Work task: Scan the lines below and report each one containing "definition" by copying it.

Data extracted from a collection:

(* Let $\rho$ be $\mathfrak L$-regular. For every $s\in(0,1)$, $t>0$, integer $K>1$, $E\in\mathbb R$, and every $u\in\mathcal X$ with $u\ge0$ and $\int_{\mathbb R}u(x)\,dx>0$, there exists $c=c(s,t,u,E,K)>0$ such that for all $x\in\mathbb R$, $$(F^2u)(x)\ge\frac{c}{1+|x|^{2-s}},$$ where $F=F_{K,t,s,E}$.
   Context: A probability density $p:\mathbb R\to[0,\infty)$ is $\mathfrak L$-regular ($\mathfrak L>0$) if: (i) $p(x)\le\mathfrak L(1+x^2)^{-1}$ for all $x$; (ii) $p(x)\ge\mathfrak L^{-1}$ for all $x\in[-\mathfrak L^{-1},\mathfrak L^{-1}]$; (iii) $p'$ exists everywhere and $|p'(x)|\le\mathfrak L(1+|x|)^{-1-1/\mathfrak L}$ for all $x$; (iv) for every $v>0$, $\inf_{|x|<v}p(x)>0$; (v) $p'(x)=0$ for only finitely many $x$. $V_0$ denotes a random variable with density $\rho$. Self-energy densities: for $E\in\mathbb R$, $p_E$ is the density of a fixed (arbitrarily chosen) real-valued solution $\Gamma$ of the distributional equation $\Gamma\overset{d}{=}\big(V_0-E-t^2\sum_{i=1}^K\Gamma_i\big)^{-1}$, where $\Gamma_1,\dots,\Gamma_K$ are i.i.d. copies of $\Gamma$ independent of $V_0$. $\rho_E$ denotes the density of $V_0-E-t^2\sum_{i=1}^{K-1}\Gamma_i$, where $\Gamma_i$ are i.i.d. with density $p_E$ and independent of $V_0$. Transfer operator: for $s\in(0,1)$, $F=F_{K,t,s,E}$ acts on functions $u:\mathbb R\to\mathbb R$ by $(Fu)(x)=\frac{t^{2-s}}{|x|^{2-s}}\int_{\mathbb R}\rho_E\big(-y-\tfrac{t^2}{x}\big)u(y)\,dy$. $\mathcal X$ is the Banach space of functions $f:\mathbb R\to\mathbb R$ with $\|f\|=\sup_x|f(x)|(1+|x|^{2-s})<\infty$. *)

theory Defs
  imports "HOL-Probability.Probability"
begin

definition prob_density :: "(real \<Rightarrow> real) \<Rightarrow> bool" where
  "prob_density p \<longleftrightarrow> (\<forall>x. 0 \<le> p x) \<and> p \<in> borel_measurable borel
     \<and> (\<integral>\<^sup>+ x. ennreal (p x) \<partial>lborel) = 1"

definition L_regular :: "real \<Rightarrow> (real \<Rightarrow> real) \<Rightarrow> bool" where
  "L_regular L p \<longleftrightarrow> 0 < L \<and> prob_density p
     \<and> (\<forall>x. p x \<le> L / (1 + x^2))
     \<and> (\<forall>x. -(1/L) \<le> x \<and> x \<le> 1/L \<longrightarrow> 1/L \<le> p x)
     \<and> (\<forall>x. p differentiable (at x))
     \<and> (\<forall>x. \<bar>deriv p x\<bar> \<le> L * (1 + \<bar>x\<bar>) powr (-1 - 1/L))
     \<and> (\<forall>v>0. (INF x\<in>{x. \<bar>x\<bar> < v}. p x) > 0)
     \<and> finite {x. deriv p x = 0}"

text \<open>p is the density of a real solution Gamma of
  Gamma =d (V0 - E - t^2 sum_{i<K} Gamma_i)^{-1}, V0 with density rho,
  Gamma_i iid copies of Gamma independent of V0.\<close>
definition self_energy_density ::
  "(real \<Rightarrow> real) \<Rightarrow> nat \<Rightarrow> real \<Rightarrow> real \<Rightarrow> (real \<Rightarrow> real) \<Rightarrow> bool" where
  "self_energy_density rho K t E p \<longleftrightarrow> prob_density p \<and>
     distr (density lborel rho \<Otimes>\<^sub>M PiM {..<K} (\<lambda>_. density lborel p)) borel
       (\<lambda>(v, g). 1 / (v - E - t^2 * (\<Sum>i<K. g i))) = density lborel p"

definition rhoE_density ::
  "(real \<Rightarrow> real) \<Rightarrow> nat \<Rightarrow> real \<Rightarrow> real \<Rightarrow> (real \<Rightarrow> real) \<Rightarrow> (real \<Rightarrow> real) \<Rightarrow> bool" where
  "rhoE_density rho K t E p rhoE \<longleftrightarrow> prob_density rhoE \<and>
     distr (density lborel rho \<Otimes>\<^sub>M PiM {..<K - 1} (\<lambda>_. density lborel p)) borel
       (\<lambda>(v, g). v - E - t^2 * (\<Sum>i<K - 1. g i)) = density lborel rhoE"

text \<open>Transfer operator F (dependence on K, E enters through rhoE).\<close>
definition transfer :: "real \<Rightarrow> real \<Rightarrow> (real \<Rightarrow> real) \<Rightarrow> (real \<Rightarrow> real) \<Rightarrow> real \<Rightarrow> real" where
  "transfer t s rhoE u x =
     t powr (2 - s) / \<bar>x\<bar> powr (2 - s) * (\<integral> y. rhoE (- y - t^2 / x) * u y \<partial>lborel)"

definition in_X :: "real \<Rightarrow> (real \<Rightarrow> real) \<Rightarrow> bool" where
  "in_X s f \<longleftrightarrow> bdd_above (range (\<lambda>x. \<bar>f x\<bar> * (1 + \<bar>x\<bar> powr (2 - s))))"

end

theory Submission
  imports Defs
begin

text \<open>Write \<open>q = 2 - s\<close>. The transfer operator is \<open>(F f)(x) = (t/\<bar>x\<bar>)\<^sup>q (\<rho>\<^sub>E \<star> f)(t\<^sup>2/x)\<close>
  for a convolution-type integral \<open>\<rho>\<^sub>E \<star> f\<close>. Since \<open>\<rho>\<^sub>E\<close> averages translates of \<open>\<rho>\<close>, it
  inherits the upper bound of \<open>\<rho>\<close> and its positive lower bound on every bounded interval. For a
  bounded integrable \<open>u \<ge> 0\<close> with positive mass, \<open>\<rho>\<^sub>E \<star> u\<close> is therefore bounded, integrable
  and bounded below near \<open>0\<close>, so for \<open>\<bar>y\<bar> \<ge> 1\<close> the function \<open>F u\<close> is bounded and at least \<open>d \<bar>y\<bar>\<^sup>-\<^sup>q\<close>,
  and the substitution \<open>b = t\<^sup>2/y\<close> shows that \<open>F u\<close> is integrable near \<open>0\<close>. Convolving this
  once more, the tail of \<open>F u\<close> gives \<open>(\<rho>\<^sub>E \<star> F u)(a) \<ge> d' (\<bar>a\<bar> + 2)\<^sup>-\<^sup>q\<close>, and with
  \<open>a = t\<^sup>2/x\<close> this yields \<open>(F\<^sup>2 u)(x) \<ge> t\<^sup>q d' (t\<^sup>2 + 2\<bar>x\<bar>)\<^sup>-\<^sup>q \<ge> c (1 + \<bar>x\<bar>\<^sup>q)\<^sup>-\<^sup>1\<close>.\<close>

lemma prob_density_prob_space:
  assumes "prob_density p" shows "prob_space (density lborel p)"
  using assms unfolding prob_density_def
  by (intro prob_spaceI) (auto simp: emeasure_density)

lemma prob_density_measurable:
  assumes "prob_density p" shows "p \<in> borel_measurable borel"
  using assms unfolding prob_density_def by auto

lemma L_regular_prob_density: "L_regular L rho \<Longrightarrow> prob_density rho"
  unfolding L_regular_def by auto

lemma L_regular_le:
  assumes "L_regular L rho" shows "rho x \<le> L"
proof -
  have "0 < L" "rho x \<le> L / (1 + x^2)" using assms unfolding L_regular_def by auto
  moreover have "L / (1 + x^2) \<le> L" using \<open>0 < L\<close> by (simp add: divide_le_eq add_pos_nonneg)
  ultimately show ?thesis by linarith
qed

lemma L_regular_locally_bounded_below:
  assumes "L_regular L rho" and "0 < v"
  shows "\<exists>m>0. \<forall>x. \<bar>x\<bar> < v \<longrightarrow> m \<le> rho x"
proof -
  let ?m = "INF x\<in>{x. \<bar>x\<bar> < v}. rho x"
  have "?m > 0" using assms unfolding L_regular_def by auto
  moreover have "bdd_below (rho ` {x. \<bar>x\<bar> < v})"
    using assms unfolding L_regular_def prob_density_def by (auto intro: bdd_belowI[where m=0])
  then have "\<forall>x. \<bar>x\<bar> < v \<longrightarrow> ?m \<le> rho x"
    by (auto intro: cINF_lower)
  ultimately show ?thesis by blast
qed

lemma nn_integral_rhoE_disintegration:
  fixes h :: "real \<Rightarrow> ennreal"
  assumes rE: "rhoE_density rho K t E p rhoE" and pr: "prob_density rho" and pp: "prob_density p"
    and hm[measurable]: "h \<in> borel_measurable borel"
  shows "(\<integral>\<^sup>+w. h w * ennreal (rhoE w) \<partial>lborel) =
    (\<integral>\<^sup>+g. (\<integral>\<^sup>+w. h w * ennreal (rho (w + (E + t^2 * (\<Sum>i<K-1. g i)))) \<partial>lborel)
        \<partial>PiM {..<K-1} (\<lambda>_. density lborel p))"
proof -
  let ?Q = "PiM {..<K-1} (\<lambda>_. density lborel p)"
  let ?R = "density lborel rho"
  let ?S = "\<lambda>(v, g). v - E - t^2 * (\<Sum>i<K - 1. g i)"
  interpret Q: prob_space ?Q by (intro prob_space_PiM prob_density_prob_space[OF pp])
  interpret R: prob_space ?R by (rule prob_density_prob_space[OF pr])
  interpret RQ: pair_sigma_finite ?R ?Q ..
  have [measurable]: "rho \<in> borel_measurable borel" "rhoE \<in> borel_measurable borel" "p \<in> borel_measurable borel"
    using pr pp rE unfolding rhoE_density_def prob_density_def by auto
  have meas: "?S \<in> measurable (?R \<Otimes>\<^sub>M ?Q) borel"
    by measurable
  have "(\<integral>\<^sup>+w. h w * ennreal (rhoE w) \<partial>lborel) = (\<integral>\<^sup>+w. h w \<partial>density lborel rhoE)"
    by (subst nn_integral_density) (auto simp: mult.commute)
  also have "\<dots> = (\<integral>\<^sup>+w. h w \<partial>distr (?R \<Otimes>\<^sub>M ?Q) borel ?S)"
    using rE unfolding rhoE_density_def by simp
  also have "\<dots> = (\<integral>\<^sup>+z. h (?S z) \<partial>(?R \<Otimes>\<^sub>M ?Q))"
    by (rule nn_integral_distr[OF meas]) simp
  also have "\<dots> = (\<integral>\<^sup>+g. (\<integral>\<^sup>+v. h (v - E - t^2 * (\<Sum>i<K - 1. g i)) \<partial>?R) \<partial>?Q)"
    by (subst RQ.nn_integral_snd[symmetric]) (auto simp: case_prod_beta)
  also have "\<dots> = (\<integral>\<^sup>+g. (\<integral>\<^sup>+w. h w * ennreal (rho (w + (E + t^2 * (\<Sum>i<K-1. g i)))) \<partial>lborel) \<partial>?Q)"
  proof (rule nn_integral_cong)
    fix g
    let ?c = "E + t^2 * (\<Sum>i<K-1. g i)"
    have "(\<integral>\<^sup>+v. h (v - E - t^2 * (\<Sum>i<K - 1. g i)) \<partial>?R) = (\<integral>\<^sup>+v. ennreal (rho v) * h (v - ?c) \<partial>lborel)"
      by (subst nn_integral_density) (auto simp: algebra_simps)
    also have "\<dots> = (\<integral>\<^sup>+w. ennreal (rho (?c + 1 * w)) * h (?c + 1 * w - ?c) \<partial>lborel)"
      by (subst nn_integral_real_affine[where c=1 and t="?c"]) auto
    finally show "(\<integral>\<^sup>+v. h (v - E - t^2 * (\<Sum>i<K - 1. g i)) \<partial>?R) = (\<integral>\<^sup>+w. h w * ennreal (rho (w + ?c)) \<partial>lborel)"
      by (simp add: algebra_simps)
  qed
  finally show ?thesis .
qed

lemma nn_integral_rhoE_le:
  fixes h :: "real \<Rightarrow> ennreal"
  assumes rE: "rhoE_density rho K t E p rhoE" and pr: "prob_density rho" and pp: "prob_density p"
    and rho_le: "\<And>x. rho x \<le> L" and hm[measurable]: "h \<in> borel_measurable borel"
  shows "(\<integral>\<^sup>+w. h w * ennreal (rhoE w) \<partial>lborel) \<le> ennreal L * (\<integral>\<^sup>+w. h w \<partial>lborel)"
proof -
  let ?Q = "PiM {..<K-1} (\<lambda>_. density lborel p)"
  interpret Q: prob_space ?Q by (intro prob_space_PiM prob_density_prob_space[OF pp])
  have "(\<integral>\<^sup>+w. h w * ennreal (rhoE w) \<partial>lborel) =
    (\<integral>\<^sup>+g. (\<integral>\<^sup>+w. h w * ennreal (rho (w + (E + t^2 * (\<Sum>i<K-1. g i)))) \<partial>lborel) \<partial>?Q)"
    by (rule nn_integral_rhoE_disintegration[OF rE pr pp hm])
  also have "\<dots> \<le> (\<integral>\<^sup>+g. (\<integral>\<^sup>+w. h w * ennreal L \<partial>lborel) \<partial>?Q)"
    by (intro nn_integral_mono mult_left_mono ennreal_leI rho_le) auto
  also have "\<dots> = ennreal L * (\<integral>\<^sup>+w. h w \<partial>lborel)"
    unfolding nn_integral_const Q.emeasure_space_1 by (simp add: nn_integral_cmult mult.commute)
  finally show ?thesis .
qed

Result for this task:
definition prob_density :: "(real \<Rightarrow> real) \<Rightarrow> bool" where
definition L_regular :: "real \<Rightarrow> (real \<Rightarrow> real) \<Rightarrow> bool" where
definition self_energy_density ::
definition rhoE_density ::
definition transfer :: "real \<Rightarrow> real \<Rightarrow> (real \<Rightarrow> real) \<Rightarrow> (real \<Rightarrow> real) \<Rightarrow> real \<Rightarrow> real" where
definition in_X :: "real \<Rightarrow> (real \<Rightarrow> real) \<Rightarrow> bool" where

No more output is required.